Among the entries below, extract exactly the lines that run from the one with "unfolding strictly_below_def" through the one with "(u * g j) \<mu>", both ends included.
[[ Records supplied open ]]
lemma vec_entry_deg_le:
  assumes g: "vec_in m g" and K: "(\<gamma>, i) \<in> vmons" and g_le: "\<forall>L\<in>vs g. leM L (\<gamma>, i)"
  shows "g j \<in> deg_le (deg \<gamma>)"
  unfolding deg_le_def
proof (intro CollectI allI impI)
  fix \<delta> assume \<delta>: "cf (g j) \<delta> \<noteq> 0"
  then have "j < m" using g by (metis cf_0 not_le vec_in_def)
  then have "(\<delta>, j) \<in> vs g" using \<delta> by (simp add: vsupp_iff)
  then show "deg \<delta> \<le> deg \<gamma>" using leM_imp_deg_le[OF _ K] g_le vsupp_subset by blast
qed

lemma vsupp_mult_le:
  assumes s: "s \<in> R" and \<alpha>: "\<alpha> \<in> exps n"
    and g: "vec_in m g" and K: "(\<gamma>, i) \<in> vmons" and g_le: "\<forall>L\<in>vs g. leM L (\<gamma>, i)"
  shows "\<forall>L\<in>vs (\<lambda>j. s * X \<alpha> * g j). leM L (add_exp \<alpha> \<gamma>, i)"
proof
  fix L assume L: "L \<in> vs (\<lambda>j. s * X \<alpha> * g j)"
  obtain \<mu> j where L_eq: "L = (\<mu>, j)" by (cases L)
  have j: "j < m" and nz: "cf (s * X \<alpha> * g j) \<mu> \<noteq> 0" using L L_eq by (auto simp: vsupp_iff)
  have \<gamma>: "\<gamma> \<in> exps n" and i: "i < m" and \<mu>: "\<mu> \<in> exps n" using K nz cf_nonzero_exps by auto
  define E where "E = s * X \<alpha> * g j - approx_mult s \<alpha> (g j)"
  have E: "E \<in> deg_lt (deg \<alpha> + deg \<gamma>)"
    unfolding E_def by (rule approx_mult[OF s \<alpha> vec_entry_deg_le[OF g K g_le]])
  have "cf (s * X \<alpha> * g j) \<mu> = cf (approx_mult s \<alpha> (g j)) \<mu> + cf E \<mu>"
    by (simp add: E_def cf_diff)
  then consider "cf E \<mu> \<noteq> 0" | "cf (approx_mult s \<alpha> (g j)) \<mu> \<noteq> 0" using nz by fastforce
  then show "leM L (add_exp \<alpha> \<gamma>, i)"
  proof cases
    case 1
    then have "deg \<mu> < deg (add_exp \<alpha> \<gamma>)" using E by (auto simp: deg_lt_def deg_exp_add)
    then show ?thesis using leM_deg_less[OF \<mu> add_exp_exps[OF \<alpha> \<gamma>] j i] L_eq by simp
  next
    case 2
    then obtain \<delta> where \<delta>: "cf (g j) \<delta> \<noteq> 0" "add_exp \<alpha> \<delta> = \<mu>"
      unfolding cf_approx_mult[OF s \<alpha>]
      by (auto elim!: sum.not_neutral_contains_not_neutral split: if_splits)
    then have "leM (\<delta>, j) (\<gamma>, i)" using g_le j by (simp add: vsupp_iff)
    then show ?thesis using leM_add_exp_mono[OF \<alpha> cf_nonzero_exps[OF \<delta>(1)] \<gamma> i j] \<delta>(2) L_eq by simp
  qed
qed

lemma cf_mult_lead:
  assumes s: "s \<in> R" and \<alpha>: "\<alpha> \<in> exps n"
    and g: "vec_in m g" and K: "(\<gamma>, i) \<in> vmons" and g_le: "\<forall>L\<in>vs g. leM L (\<gamma>, i)"
  shows "cf (s * X \<alpha> * g i) (add_exp \<alpha> \<gamma>) = s * sigp \<alpha> (cf (g i) \<gamma>) * cab R x n \<alpha> \<gamma>"
proof -
  let ?t = "\<lambda>\<delta>. s * sigp \<alpha> (cf (g i) \<delta>) * cab R x n \<alpha> \<delta>"
  define E where "E = s * X \<alpha> * g i - approx_mult s \<alpha> (g i)"
  have "cf E (add_exp \<alpha> \<gamma>) = 0"
    using deg_lt_cf[OF approx_mult[OF s \<alpha> vec_entry_deg_le[OF g K g_le]]]
    by (simp add: E_def deg_exp_add)
  moreover have "cf (approx_mult s \<alpha> (g i)) (add_exp \<alpha> \<gamma>)
      = (\<Sum>\<delta>\<in>{\<delta>. cf (g i) \<delta> \<noteq> 0}. if \<delta> = \<gamma> then ?t \<delta> else 0)"
    by (simp add: cf_approx_mult[OF s \<alpha>] add_exp_left_cancel)
  moreover have "\<dots> = ?t \<gamma>" using sigma_pow_0[OF \<alpha>] by (simp add: sum.delta)
  moreover have "s * X \<alpha> * g i = approx_mult s \<alpha> (g i) + E" by (simp add: E_def)
  ultimately show ?thesis by (simp add: cf_add)
qed

lemma strictly_below_mult:
  assumes s: "s \<in> R" and \<alpha>: "\<alpha> \<in> exps n"
    and g: "vec_in m g" and K: "(\<gamma>, i) \<in> vmons" and g_below: "strictly_below (\<gamma>, i) g"
  shows "strictly_below (add_exp \<alpha> \<gamma>, i) (\<lambda>j. s * X \<alpha> * g j)"
proof -
  have g_le: "\<forall>L\<in>vs g. leM L (\<gamma>, i)" using g_below by (simp add: strictly_below_def)
  have "cf (g i) \<gamma> = 0" using g_below K by (auto simp: strictly_below_def vsupp_iff)
  then have "cf (s * X \<alpha> * g i) (add_exp \<alpha> \<gamma>) = 0"
    using cf_mult_lead[OF s \<alpha> g K g_le] sigma_pow_0[OF \<alpha>] by simp
  then show ?thesis
    using vsupp_mult_le[OF s \<alpha> g K g_le] by (auto simp: strictly_below_def vsupp_iff)
qed

lemma deg_lt_mult_strictly_below:
  assumes u: "u \<in> deg_lt d" and g: "\<And>j. g j \<in> deg_le e" and K: "(\<kappa>, i) \<in> vmons"
    and deg: "d + e \<le> deg \<kappa>"
  shows "strictly_below (\<kappa>, i) (\<lambda>j. u * g j)"
  unfolding strictly_below_def
proof
  fix L assume L: "L \<in> vs (\<lambda>j. u * g j)"
  obtain \<mu> j where L_eq: "L = (\<mu>, j)" by (cases L)
  have j: "j < m" and nz: "cf (u * g j) \<mu> \<noteq> 0" using L L_eq by (auto simp: vsupp_iff)
  have "deg \<mu> < d + e" using mult_deg_lt_left[OF u g[of j]] nz by (auto simp: deg_lt_def)
  then have "deg \<mu> < deg \<kappa>" using deg by simp
  then show "leM L (\<kappa>, i) \<and> L \<noteq> (\<kappa>, i)"
    using leM_deg_less[OF cf_nonzero_exps[OF nz] _ j] K L_eq by auto
qed

section \<open>Reduction\<close>

abbreviation "red F \<equiv> red1 R x n m leM F"

lemma red1_nonzeroE:
  assumes "red F f h" and "f \<noteq> (\<lambda>_. 0)" and lm_f: "lm f = Some (\<beta>, i)"
  obtains t :: nat and g r a \<gamma> where
    "\<And>k. k < t \<Longrightarrow> g k \<in> F \<and> r k \<in> R \<and> a k \<in> exps n \<and> lm (g k) = Some (\<gamma> k, i)
       \<and> add_exp (a k) (\<gamma> k) = \<beta>"
    "lc f = (\<Sum>k<t. r k * sigp (a k) (lc (g k)) * cab R x n (a k) (\<gamma> k))"
    "h = (\<lambda>j. f j - (\<Sum>k<t. r k * X (a k) * g k j))"
proof -
  have "\<exists>(t::nat) g r a. (\<forall>k<t. g k \<in> F \<and> r k \<in> R \<and> a k \<in> exps n \<and>
      (case (lm f, lm (g k)) of (Some (\<mu>, i'), Some (\<nu>, j')) \<Rightarrow> j' = i' \<and> add_exp (a k) \<nu> = \<mu>
       | _ \<Rightarrow> False))
    \<and> lc f = (\<Sum>k<t. r k * sigp (a k) (lc (g k)) * cab R x n (a k) (fst (the (lm (g k)))))
    \<and> h = (\<lambda>j. f j - (\<Sum>k<t. r k * X (a k) * g k j))"
    using assms(1,2) unfolding red1_def by (elim disjE conjE; (assumption | simp))
  then obtain t :: nat and g r a where
    A: "\<forall>k<t. g k \<in> F \<and> r k \<in> R \<and> a k \<in> exps n \<and>
      (case (lm f, lm (g k)) of (Some (\<mu>, i'), Some (\<nu>, j')) \<Rightarrow> j' = i' \<and> add_exp (a k) \<nu> = \<mu>
       | _ \<Rightarrow> False)"
    and B: "lc f = (\<Sum>k<t. r k * sigp (a k) (lc (g k)) * cab R x n (a k) (fst (the (lm (g k)))))"
    and C: "h = (\<lambda>j. f j - (\<Sum>k<t. r k * X (a k) * g k j))"
    by (elim exE conjE)
  show ?thesis
  proof (rule that[OF _ B C])
    fix k assume k: "k < t"
    then have case_k: "case (lm f, lm (g k)) of (Some (\<mu>, i'), Some (\<nu>, j')) \<Rightarrow>
        j' = i' \<and> add_exp (a k) \<nu> = \<mu> | _ \<Rightarrow> False"
      using A by blast
    then obtain \<nu> where "lm (g k) = Some (\<nu>, i)" "add_exp (a k) \<nu> = \<beta>"
      using lm_f by (cases "lm (g k)") auto
    then show "g k \<in> F \<and> r k \<in> R \<and> a k \<in> exps n \<and> lm (g k) = Some (fst (the (lm (g k))), i)
        \<and> add_exp (a k) (fst (the (lm (g k)))) = \<beta>"
      using A k by simp
  qed
qed

lemma red1_nonzeroI:
  assumes "f \<noteq> (\<lambda>_. 0)" and lm_f: "lm f = Some (\<beta>, i)"
    and A: "\<forall>k<(t::nat). g k \<in> F \<and> r k \<in> R \<and> a k \<in> exps n \<and> lm (g k) = Some (\<gamma> k, i)
      \<and> add_exp (a k) (\<gamma> k) = \<beta>"
    and B: "lc f = (\<Sum>k<t. r k * sigp (a k) (lc (g k)) * cab R x n (a k) (\<gamma> k))"
    and C: "h = (\<lambda>j. f j - (\<Sum>k<t. r k * X (a k) * g k j))"
  shows "red F f h"
proof -
  have "\<forall>k<t. g k \<in> F \<and> r k \<in> R \<and> a k \<in> exps n \<and>
      (case (lm f, lm (g k)) of (Some (\<mu>, i'), Some (\<nu>, j')) \<Rightarrow> j' = i' \<and> add_exp (a k) \<nu> = \<mu>
       | _ \<Rightarrow> False)"
    using A lm_f by auto
  moreover have "lc f = (\<Sum>k<t. r k * sigp (a k) (lc (g k)) * cab R x n (a k) (fst (the (lm (g k)))))"
    using A B by simp
  ultimately show ?thesis
    unfolding red1_def using assms(1) C by blast
qed

lemma red1_from_0: "red F (\<lambda>_. 0) h \<longleftrightarrow> h = (\<lambda>_. 0)"
  by (simp add: red1_def)

lemma red1_vec_in:
  assumes F: "\<forall>g\<in>F. vec_in m g" and f: "vec_in m f" and red: "red F f h"
  shows "vec_in m h"
proof (cases "f = (\<lambda>_. 0)")
  case True
  then show ?thesis using red red1_from_0 by (simp add: vec_in_def)
next
  case False
  then obtain \<beta> i where "lm f = Some (\<beta>, i)" using lm_None_iff[OF f] by (cases "lm f") auto
  then obtain t :: nat and g r a \<gamma> where A: "\<And>k. k < t \<Longrightarrow> g k \<in> F \<and> r k \<in> R
      \<and> a k \<in> exps n \<and> lm (g k) = Some (\<gamma> k, i) \<and> add_exp (a k) (\<gamma> k) = \<beta>"
    and "lc f = (\<Sum>k<t. r k * sigp (a k) (lc (g k)) * cab R x n (a k) (\<gamma> k))"
    and h: "h = (\<lambda>j. f j - (\<Sum>k<t. r k * X (a k) * g k j))"
    by (rule red1_nonzeroE[OF red False]) (rule that)
  show ?thesis unfolding vec_in_def
  proof (intro allI impI)
    fix j assume "m \<le> j"
    then have "f j = 0" "\<forall>k<t. g k j = 0" using F f A by (auto simp: vec_in_def)
    then show "h j = 0" using h by simp
  qed
qed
[[ Records supplied closed ]]
> Task solution:
  unfolding strictly_below_def
proof
  fix L assume L: "L \<in> vs (\<lambda>j. u * g j)"
  obtain \<mu> j where L_eq: "L = (\<mu>, j)" by (cases L)
  have j: "j < m" and nz: "cf (u * g j) \<mu> \<noteq> 0" using L L_eq by (auto simp: vsupp_iff)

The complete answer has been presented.